(* Let $d,N$ be positive integers, $P=(0,N)^d\cap\mathbb{Z}^d$, $\alpha\ge1$, and let $O\subseteq(0,N)^d$ be an open $\alpha$-fat set with $O\cap P\ne\emptyset$. Then $n_{\ell(O)}(O)\le(4\alpha+1)^d$.
   Context: A $d$-cube is an axis-parallel hypercube; width = side length. In-width of $O$: supremum of widths of $d$-cubes contained in $O$; out-width: infimum of widths of $d$-cubes containing $O$; $O$ is $\alpha$-fat if out-width$(O)\le\alpha\cdot$in-width$(O)$. For a positive integer $i$, $\ell(i)$ is the largest $k\ge0$ with $2^k\mid i$; for $x\in P$, $\ell(x)=\min_i\ell(x_i)$; $\ell(O)=\max\{\ell(x):x\in O\cap P\}$. For an integer $l$, $n_l(O)$ is the number of points of $O\cap P$ of level exactly $l$. *)

theory Defs
  imports "HOL-Analysis.Analysis"
begin

definition dcube :: "real^'n \<Rightarrow> real \<Rightarrow> (real^'n) set" where
  "dcube a w = {x. \<forall>i. a$i \<le> x$i \<and> x$i \<le> a$i + w}"

definition in_width :: "(real^'n) set \<Rightarrow> real" where
  "in_width S = Sup {w. w > 0 \<and> (\<exists>a. dcube a w \<subseteq> S)}"

definition out_width :: "(real^'n) set \<Rightarrow> real" where
  "out_width S = Inf {w. w > 0 \<and> (\<exists>a. S \<subseteq> dcube a w)}"

definition fat :: "real \<Rightarrow> (real^'n) set \<Rightarrow> bool" where
  "fat \<alpha> S \<longleftrightarrow> out_width S \<le> \<alpha> * in_width S"

definition gridP :: "nat \<Rightarrow> (real^'n) set" where
  "gridP N = {x. \<forall>i. x$i \<in> \<int> \<and> 0 < x$i \<and> x$i < real N}"

definition lev_int :: "int \<Rightarrow> nat" where
  "lev_int i = (GREATEST k. (2::int)^k dvd i)"

definition lev_pt :: "real^'n \<Rightarrow> nat" where
  "lev_pt x = Min (range (\<lambda>i. lev_int \<lfloor>x$i\<rfloor>))"

definition lev_set :: "nat \<Rightarrow> (real^'n) set \<Rightarrow> nat" where
  "lev_set N S = Max (lev_pt ` (S \<inter> gridP N))"

definition n_lev :: "nat \<Rightarrow> nat \<Rightarrow> (real^'n) set \<Rightarrow> nat" where
  "n_lev N l S = card {x \<in> S \<inter> gridP N. lev_pt x = l}"

end

theory Submission
  imports Defs
begin

text \<open>Let \<open>L = \<ell>(O)\<close> and \<open>s = 2^L\<close>. A cube of width at least \<open>2s\<close> contains a point whose
  coordinates are all multiples of \<open>2s\<close>; inside \<open>O\<close> such a point would be a grid point of level
  above \<open>L\<close>. Hence the in-width of \<open>O\<close> is at most \<open>2s\<close>, and by fatness \<open>O\<close> lies in a cube of
  width less than \<open>(2\<alpha> + 1) s\<close>. The points of level \<open>L\<close> have all coordinates divisible by \<open>s\<close>,
  so such a cube contains fewer than \<open>2\<alpha> + 2 \<le> 4\<alpha> + 1\<close> of them along each axis.\<close>

lemma pow2_dvd_imp_le:
  assumes "i \<noteq> 0" "(2::int) ^ k dvd i"
  shows "k \<le> nat \<bar>i\<bar>"
proof -
  have "\<bar>(2::int) ^ k\<bar> \<le> \<bar>i\<bar>"
    using assms dvd_imp_le_int by blast
  moreover have "int k < 2 ^ k"
  proof -
    have "int k < int (2 ^ k)"
      using less_exp[of k] by (simp only: of_nat_less_iff)
    then show ?thesis by simp
  qed
  ultimately show ?thesis by linarith
qed

lemma lev_int_ge:
  assumes "i \<noteq> 0" "(2::int) ^ k dvd i"
  shows "k \<le> lev_int i"
  unfolding lev_int_def
proof (rule Greatest_le_nat[where b = "nat \<bar>i\<bar>"])
  show "(2::int) ^ k dvd i" by fact
  show "\<And>y. (2::int) ^ y dvd i \<Longrightarrow> y \<le> nat \<bar>i\<bar>"
    using assms(1) by (rule pow2_dvd_imp_le)
qed

lemma pow2_lev_int_dvd:
  assumes "i \<noteq> 0" "k \<le> lev_int i"
  shows "(2::int) ^ k dvd i"
proof -
  have "(2::int) ^ lev_int i dvd i"
    unfolding lev_int_def
  proof (rule GreatestI_nat[where k = 0 and b = "nat \<bar>i\<bar>"])
    show "\<And>y. (2::int) ^ y dvd i \<Longrightarrow> y \<le> nat \<bar>i\<bar>"
      using assms(1) by (rule pow2_dvd_imp_le)
  qed simp
  moreover have "(2::int) ^ k dvd 2 ^ lev_int i"
    using assms(2) by (simp add: le_imp_power_dvd)
  ultimately show ?thesis by (rule dvd_trans[rotated])
qed

lemma lev_pt_le: "lev_pt x \<le> lev_int \<lfloor>(x::real^'n) $ i\<rfloor>"
  unfolding lev_pt_def by (rule Min_le) auto

lemma lev_pt_ge: "(\<And>i. k \<le> lev_int \<lfloor>(x::real^'n) $ i\<rfloor>) \<Longrightarrow> k \<le> lev_pt x"
  unfolding lev_pt_def by (subst Min_ge_iff) auto

lemma lev_pt_ge_of_multiples:
  fixes x :: "real^'n"
  assumes "\<And>i. x $ i = of_int (2 ^ k * m i)" "\<And>i. m i \<noteq> 0"
  shows "k \<le> lev_pt x"
proof (rule lev_pt_ge)
  fix i
  have "\<lfloor>x $ i\<rfloor> = 2 ^ k * m i"
    using assms(1) by (metis floor_of_int)
  then show "k \<le> lev_int \<lfloor>x $ i\<rfloor>"
    using assms(2) by (intro lev_int_ge) auto
qed

lemma gridP_coord_multiple:
  assumes "x \<in> gridP N"
  shows "\<exists>m. x $ i = 2 ^ lev_pt x * of_int m"
proof -
  have "x $ i \<in> \<int>" "0 < x $ i"
    using assms unfolding gridP_def by auto
  then obtain j where j: "x $ i = of_int j" "j \<noteq> 0"
    by (auto elim: Ints_cases)
  have "lev_pt x \<le> lev_int j"
    using lev_pt_le[of x i] j(1) by simp
  then obtain m where "j = 2 ^ lev_pt x * m"
    using pow2_lev_int_dvd j(2) by blast
  then show ?thesis
    using j(1) by auto
qed

lemma vec_nth_image_subset_PiE:
  "A \<subseteq> {x. \<forall>i. x $ i \<in> T i} \<Longrightarrow> vec_nth ` A \<subseteq> Pi\<^sub>E UNIV T"
  by (auto simp: PiE_def extensional_def)

lemma finite_vec_subset:
  fixes A :: "('a^'n) set"
  assumes "A \<subseteq> {x. \<forall>i. x $ i \<in> T i}" "\<And>i. finite (T i)"
  shows "finite A"
proof -
  have "finite (vec_nth ` A)"
    using vec_nth_image_subset_PiE[OF assms(1)] finite_PiE[of UNIV T] assms(2)
    by (auto intro: finite_subset)
  then show ?thesis
    by (rule finite_imageD) (simp add: inj_on_def vec_nth_inject)
qed

lemma card_vec_subset_le:
  fixes A :: "('a^'n) set"
  assumes "A \<subseteq> {x. \<forall>i. x $ i \<in> T i}" "\<And>i. finite (T i)"
  shows "card A \<le> (\<Prod>i\<in>UNIV. card (T i))"
proof -
  have "card A = card (vec_nth ` A)"
    by (rule card_image[symmetric]) (simp add: inj_on_def vec_nth_inject)
  also have "\<dots> \<le> card (Pi\<^sub>E UNIV T)"
    using vec_nth_image_subset_PiE[OF assms(1)] finite_PiE[of UNIV T] assms(2)
    by (intro card_mono) auto
  also have "\<dots> = (\<Prod>i\<in>UNIV. card (T i))"
    by (simp add: card_PiE)
  finally show ?thesis .
qed

lemma finite_gridP: "finite (gridP N :: (real^'n) set)"
proof -
  have "gridP N \<subseteq> {x :: real^'n. \<forall>i. x $ i \<in> of_int ` {0..int N}}"
  proof (intro subsetI CollectI allI)
    fix x :: "real^'n" and i
    assume "x \<in> gridP N"
    then have "x $ i \<in> \<int>" "0 < x $ i" "x $ i < real N"
      unfolding gridP_def by auto
    moreover obtain j where "x $ i = of_int j"
      using \<open>x $ i \<in> \<int>\<close> by (auto elim!: Ints_cases)
    ultimately show "x $ i \<in> of_int ` {0..int N}"
      by auto
  qed
  then show ?thesis
    by (rule finite_vec_subset) simp
qed

lemma lev_pt_le_lev_set: "x \<in> S \<inter> gridP N \<Longrightarrow> lev_pt x \<le> lev_set N S"
  unfolding lev_set_def using finite_gridP by (intro Max_ge) auto

lemma open_contains_dcube:
  fixes x :: "real^'n"
  assumes "open S" "x \<in> S"
  shows "\<exists>w>0. dcube x w \<subseteq> S"
proof -
  obtain e where e: "e > 0" "ball x e \<subseteq> S"
    using assms open_contains_ball by blast
  define w where "w = e / (2 * real CARD('n))"
  have "dcube x w \<subseteq> ball x e"
  proof
    fix y assume "y \<in> dcube x w"
    then have bounds: "x $ i \<le> y $ i \<and> y $ i \<le> x $ i + w" for i
      unfolding dcube_def by blast
    have "\<bar>(y - x) $ i\<bar> \<le> w" for i
      using bounds[of i] by (simp add: abs_le_iff)
    then have "norm (y - x) \<le> (\<Sum>i\<in>(UNIV::'n set). w)"
      by (intro order_trans[OF norm_le_l1_cart] sum_mono)
    also have "\<dots> < e"
      using e(1) unfolding w_def by simp
    finally show "y \<in> ball x e"
      by (simp add: dist_norm norm_minus_commute)
  qed
  moreover have "w > 0"
    using e(1) unfolding w_def by simp
  ultimately show ?thesis
    using e(2) by blast
qed

lemma dcube_contains_lattice_point:
  fixes a :: "real^'n"
  assumes "t > 0" "t \<le> w"
  shows "(\<chi> i. t * of_int \<lceil>a $ i / t\<rceil>) \<in> dcube a w"
proof -
  have "a $ i \<le> t * of_int \<lceil>a $ i / t\<rceil> \<and> t * of_int \<lceil>a $ i / t\<rceil> \<le> a $ i + w" for i
  proof
    show "a $ i \<le> t * of_int \<lceil>a $ i / t\<rceil>"
      using assms(1) by (metis le_of_int_ceiling mult.commute pos_divide_le_eq)
    have "t * of_int \<lceil>a $ i / t\<rceil> < t * (a $ i / t + 1)"
      using assms(1) by (intro mult_strict_left_mono) linarith+
    also have "\<dots> = a $ i + t"
      using assms(1) by (simp add: field_simps)
    finally show "t * of_int \<lceil>a $ i / t\<rceil> \<le> a $ i + w"
      using assms(2) by linarith
  qed
  then show ?thesis
    unfolding dcube_def by simp
qed

lemma in_width_le_pow2_lev_set:
  fixes S :: "(real^'n) set"
  assumes "open S" "S \<subseteq> {x. \<forall>i. 0 < x $ i \<and> x $ i < real N}" "S \<inter> gridP N \<noteq> {}"
  shows "in_width S \<le> 2 ^ Suc (lev_set N S)"
  unfolding in_width_def
proof (rule cSup_least)
  show "{w. w > 0 \<and> (\<exists>a. dcube a w \<subseteq> S)} \<noteq> {}"
    using assms(1,3) open_contains_dcube by blast
next
  fix w assume "w \<in> {w. w > 0 \<and> (\<exists>a. dcube a w \<subseteq> S)}"
  then obtain a :: "real^'n" where a: "dcube a w \<subseteq> S"
    by blast
  define t :: real where "t = 2 ^ Suc (lev_set N S)"
  define y :: "real^'n" where "y = (\<chi> i. t * of_int \<lceil>a $ i / t\<rceil>)"
  show "w \<le> t"
  proof (rule ccontr)
    assume "\<not> w \<le> t"
    then have "y \<in> S"
      using a dcube_contains_lattice_point[of t w a] unfolding y_def t_def by auto
    then have pos: "0 < y $ i" "y $ i < real N" for i
      using assms(2) by auto
    have y_eq: "y $ i = of_int (2 ^ Suc (lev_set N S) * \<lceil>a $ i / t\<rceil>)" for i
      unfolding y_def t_def by simp
    have "y \<in> gridP N"
      unfolding gridP_def using pos y_eq by auto
    then have "lev_pt y \<le> lev_set N S"
      using \<open>y \<in> S\<close> lev_pt_le_lev_set by blast
    moreover have "\<lceil>a $ i / t\<rceil> \<noteq> 0" for i
      using pos(1)[of i] y_eq[of i] by auto
    then have "Suc (lev_set N S) \<le> lev_pt y"
      using y_eq by (rule lev_pt_ge_of_multiples[rotated])
    ultimately show False by simp
  qed
qed

lemma subset_box_imp_subset_dcube:
  fixes S :: "(real^'n) set"
  assumes "S \<subseteq> {x. \<forall>i. 0 < x $ i \<and> x $ i < c}"
  shows "S \<subseteq> dcube 0 c"
proof
  fix x assume "x \<in> S"
  then have "0 < x $ i \<and> x $ i < c" for i
    using assms by blast
  then show "x \<in> dcube 0 c"
    unfolding dcube_def by (simp add: less_imp_le)
qed

lemma fat_out_width_less:
  assumes "fat \<alpha> S" "\<alpha> \<ge> 0" "in_width S \<le> t" "e > 0"
  shows "out_width S < \<alpha> * t + e"
proof -
  have "out_width S \<le> \<alpha> * in_width S"
    using assms(1) unfolding fat_def .
  also have "\<dots> \<le> \<alpha> * t"
    using assms(2,3) by (rule mult_left_mono[rotated])
  finally show ?thesis
    using assms(4) by linarith
qed

lemma ex_dcube_width_less:
  fixes S :: "(real^'n) set"
  assumes "S \<subseteq> dcube b v" "v > 0" "out_width S < c"
  shows "\<exists>a w. S \<subseteq> dcube a w \<and> 0 < w \<and> w < c"
proof -
  have "{w. w > 0 \<and> (\<exists>a. S \<subseteq> dcube a w)} \<noteq> {}"
    using assms(1,2) by blast
  from cInf_lessD[OF this assms(3)[unfolded out_width_def]] show ?thesis
    by blast
qed

lemma card_dcube_multiples_le:
  fixes A :: "(real^'n) set"
  assumes "s > 0" "w \<ge> 0" "A \<subseteq> dcube a w" "\<And>x i. x \<in> A \<Longrightarrow> \<exists>m. x $ i = s * of_int m"
  shows "real (card A) \<le> (w / s + 1) ^ CARD('n)"
proof -
  define T where "T i = (\<lambda>k. s * of_int k) ` {\<lceil>a $ i / s\<rceil>..\<lfloor>(a $ i + w) / s\<rfloor>}" for i
  have "A \<subseteq> {x. \<forall>i. x $ i \<in> T i}"
  proof (intro subsetI CollectI allI)
    fix x i assume "x \<in> A"
    then obtain m where m: "x $ i = s * of_int m"
      using assms(4) by blast
    have "x \<in> dcube a w"
      using \<open>x \<in> A\<close> assms(3) by blast
    then have "a $ i \<le> s * of_int m" "s * of_int m \<le> a $ i + w"
      unfolding dcube_def m[symmetric] by blast+
    then have "a $ i / s \<le> of_int m" "of_int m \<le> (a $ i + w) / s"
      using assms(1) by (simp_all add: pos_divide_le_eq pos_le_divide_eq mult.commute)
    then have "m \<in> {\<lceil>a $ i / s\<rceil>..\<lfloor>(a $ i + w) / s\<rfloor>}"
      by (simp add: ceiling_le_iff le_floor_iff)
    then show "x $ i \<in> T i"
      unfolding T_def m by (rule imageI)
  qed
  then have "card A \<le> (\<Prod>i\<in>UNIV. card (T i))"
    by (rule card_vec_subset_le) (simp add: T_def)
  then have "real (card A) \<le> (\<Prod>i\<in>UNIV. real (card (T i)))"
    by (metis of_nat_mono of_nat_prod)
  also have "\<dots> \<le> (\<Prod>i\<in>(UNIV::'n set). w / s + 1)"
  proof (rule prod_mono)
    fix i
    have "card (T i) \<le> card {\<lceil>a $ i / s\<rceil>..\<lfloor>(a $ i + w) / s\<rfloor>}"
      unfolding T_def by (rule card_image_le) simp
    then have "real (card (T i)) \<le> max 0 (of_int (\<lfloor>(a $ i + w) / s\<rfloor> + 1 - \<lceil>a $ i / s\<rceil>))"
      by simp
    moreover have "(a $ i + w) / s = a $ i / s + w / s"
      by (simp add: add_divide_distrib)
    moreover have "w / s \<ge> 0"
      using assms(1,2) by simp
    ultimately show "0 \<le> real (card (T i)) \<and> real (card (T i)) \<le> w / s + 1"
      by linarith
  qed
  finally show ?thesis
    by simp
qed

theorem corollary2:
  fixes N :: nat and \<alpha> :: real and S :: "(real^'n) set"
  assumes "N > 0" and "\<alpha> \<ge> 1"
    and "open S" and "S \<subseteq> {x. \<forall>i. 0 < x$i \<and> x$i < real N}"
    and "fat \<alpha> S"
    and "S \<inter> gridP N \<noteq> {}"
  shows "real (n_lev N (lev_set N S) S) \<le> (4 * \<alpha> + 1) ^ CARD('n)"
proof -
  define s :: real where "s = 2 ^ lev_set N S"
  have s_pos: "s > 0"
    unfolding s_def by simp
  have "in_width S \<le> 2 * s"
    using in_width_le_pow2_lev_set[OF assms(3,4,6)] unfolding s_def by simp
  then have "out_width S < \<alpha> * (2 * s) + s"
    using assms(2) by (intro fat_out_width_less[OF assms(5)] s_pos) simp_all
  moreover have "S \<subseteq> dcube 0 (real N)" "real N > 0"
    using subset_box_imp_subset_dcube[OF assms(4)] assms(1) by auto
  ultimately obtain a w where aw: "S \<subseteq> dcube a w" "0 < w" "w < \<alpha> * (2 * s) + s"
    using ex_dcube_width_less by blast
  have "\<exists>m. x $ i = s * of_int m" if "x \<in> {x \<in> S \<inter> gridP N. lev_pt x = lev_set N S}" for x i
    using that gridP_coord_multiple[of x N i] unfolding s_def by auto
  then have "real (n_lev N (lev_set N S) S) \<le> (w / s + 1) ^ CARD('n)"
    unfolding n_lev_def using aw(1)
    by (intro card_dcube_multiples_le[OF s_pos less_imp_le[OF aw(2)]]) auto
  also have "\<dots> \<le> (4 * \<alpha> + 1) ^ CARD('n)"
  proof (rule power_mono)
    have "w / s < 2 * \<alpha> + 1"
      using aw(3) s_pos by (simp add: divide_less_eq algebra_simps)
    then show "w / s + 1 \<le> 4 * \<alpha> + 1"
      using assms(2) by linarith
    show "0 \<le> w / s + 1"
      using aw(2) s_pos by simp
  qed
  finally show ?thesis .
qed

end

## WHAT IS NEEDED
Check the material above line by line, and give only the number of lines holding the string "imports".

## RESPONSE AREA
2